# Training Our Self-Classified Data Using ComplEx
This notebook shows how to train embeddings using ComplEx

## Prepare train/valid/test set
Before training, we need to split the original drkg into train/valid/test set with a 9:0.5:0.5 manner.

In [1]:
import dgl

Using backend: pytorch


In [None]:
import pandas as pd
import numpy as np

df = pd.read_csv('../data/triplets.tsv', sep = '\t')

triples = df.values.tolist()

We get 2,063,235 triples, now we will split them into three files

In [None]:
num_triples = len(triples)
num_triples

In [None]:
# Please make sure the output directory exist.
import random
random.seed(0) ## make sure the seedlist is psudo-random
seed = np.arange(num_triples)
random.shuffle(seed)

train_cnt = int(num_triples * 0.9)
valid_cnt = int(num_triples * 0.05)
train_set = seed[:train_cnt]
train_set = train_set.tolist()
valid_set = seed[train_cnt:train_cnt+valid_cnt].tolist()
test_set = seed[train_cnt+valid_cnt:].tolist()
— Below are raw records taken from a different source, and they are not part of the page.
lemma edge_midpoint_inside_quadrilateral:
  assumes "set [a, b, c, d] \<subseteq> N" "distinct [a, b, c, d]"
    and "p d \<in> inside (\<Gamma> a b \<union> \<Gamma> b c \<union> \<Gamma> c a)"
  shows "\<gamma> c d (1/2) \<in> inside (\<Gamma> a c \<union> \<Gamma> c b \<union> \<Gamma> a d \<union> \<Gamma> d b)"
proof -
  have N: "a \<in> N" "b \<in> N" "c \<in> N" "d \<in> N" using assms(1) by auto
  have ne: "distinct [a, b, c, d]" by fact
  let ?T = "\<Gamma> a b \<union> \<Gamma> b c \<union> \<Gamma> c a"
  let ?I = "inside (\<Gamma> a b \<union> \<Gamma> a d \<union> \<Gamma> d b)"
  note split = split_triangle_inside[OF assms]
  have arc_cd: "arc (\<gamma> c d)" and ends: "pathstart (\<gamma> c d) = p c" "pathfinish (\<gamma> c d) = p d"
    using arc_edge[of c d] pathstart_edge[of c d] pathfinish_edge[of c d] N ne by auto
  have "\<Gamma> c d \<inter> ?T \<subseteq> {pathstart (\<gamma> c d)}"
    using disjoint_edges[of c d a b] adjacent_edges[of c d b] adjacent_edges[of c d a]
      edge_image_sym[of b c] N ne ends by auto
  from arc_point_in_inside_iff[OF arc_cd this, of "1/2"]
  have "\<gamma> c d (1/2) \<in> inside ?T" using assms(3) ends by simp
  moreover have "\<gamma> c d (1/2) \<notin> \<Gamma> a d \<union> \<Gamma> d b"
  proof -
    have "\<Gamma> c d \<inter> (\<Gamma> a d \<union> \<Gamma> d b) \<subseteq> {p d}"
      using adjacent_edges[of d c a] adjacent_edges[of d c b] edge_image_sym[of a d] edge_image_sym[of c d]
        N ne by auto
    moreover have "\<gamma> c d (1/2) \<in> \<Gamma> c d" by (simp add: path_image_def)
    moreover have "\<gamma> c d (1/2) \<noteq> p d" using arc_midpoint_neq_pathfinish[OF arc_cd] ends by simp
    ultimately show ?thesis by (metis IntI singletonD subsetD)
  qed
  moreover have "\<gamma> c d (1/2) \<notin> ?I"
  proof
    assume mid_in: "\<gamma> c d (1/2) \<in> ?I"
    have "\<Gamma> c d \<inter> (\<Gamma> a b \<union> \<Gamma> a d \<union> \<Gamma> d b) \<subseteq> {pathfinish (\<gamma> c d)}"
      using disjoint_edges[of c d a b] adjacent_edges[of d c a] adjacent_edges[of d c b]
        edge_image_sym[of a d] edge_image_sym[of c d] N ne ends by auto
    from arc_midpoint_in_inside_iff_pathstart[OF arc_cd this] mid_in have "p c \<in> ?I"
      using ends by simp
    moreover have "p c \<in> ?T" using vertex_on_edge_iff N ne by auto
    ultimately show False using split inside_no_overlap by blast
  qed
  ultimately show ?thesis using split by blast
qed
with open("train/triple_train.tsv", 'w+') as f:
    for idx in train_set:
        f.writelines("{}\t{}\t{}\n".format(triples[idx][0], triples[idx][1], triples[idx][2]))
        
with open("train/triple_valid.tsv", 'w+') as f:
    for idx in valid_set:
        f.writelines("{}\t{}\t{}\n".format(triples[idx][0], triples[idx][1], triples[idx][2]))

with open("train/triple_test.tsv", 'w+') as f:
    for idx in test_set:
        f.writelines("{}\t{}\t{}\n".format(triples[idx][0], triples[idx][1], triples[idx][2]))

## Training ComplEx model
We can training the ComplEx model by simplying using DGL-KE command line. For more information about using DGL-KE please refer to https://github.com/awslabs/dgl-ke.

Here we train the model using 1 GPUs on an AWS p2.xlarge instance.

In [None]:
!DGLBACKEND=pytorch dglke_train --dataset DRKG--data_path ./train --data_files drkg_train.tsv drkg_valid.tsv drkg_test.tsv --format 'raw_udd_hrt' --model_name ComplEx --batch_size 2048 \
--neg_sample_size 256 --hidden_dim 400 --gamma 12.0 --lr 0.1 --max_step 100000 --log_interval 1000 --batch_size_eval 16 -adv --regularization_coef 1.00E-07 --test --gpu 0 --neg_sample_size_eval 10000

## Get Entity and Relation Embeddings
The resulting model, i.e., the entity and relation embeddings can be found under ./ckpts. (Please refer to the first line of the training log for the specific location.)

The overall process will generate 4 important files:

  - Entity embedding: ./ckpts/<model\_name>_<dataset\_name>_<run_\id>/xxx\_entity.npy
  - Relation embedding: ./ckpts/<model\_name>_<dataset\_name>_<run\_id>/xxx\_relation.npy
  - The entity id mapping, formated in <entity\_name> <entity\_id> pair: <data\_path>/entities.tsv
  - The relation id mapping, formated in <relation\_name> <relation\_id> pair: <data\_path>/relations.tsv

In [None]:
!ls ./ckpts/ComplEx_triple_1/
!ls ./train/

## A Glance of the Entity and Relation Embeddings

In [None]:
node_emb = np.load('./ckpts/ComplEx_triple_1/triple_ComplEx_entity.npy')
relation_emb = np.load('./ckpts/ComplEx_triple_1/triple_ComplEx_relation.npy')

print(node_emb.shape)
print(relation_emb.shape)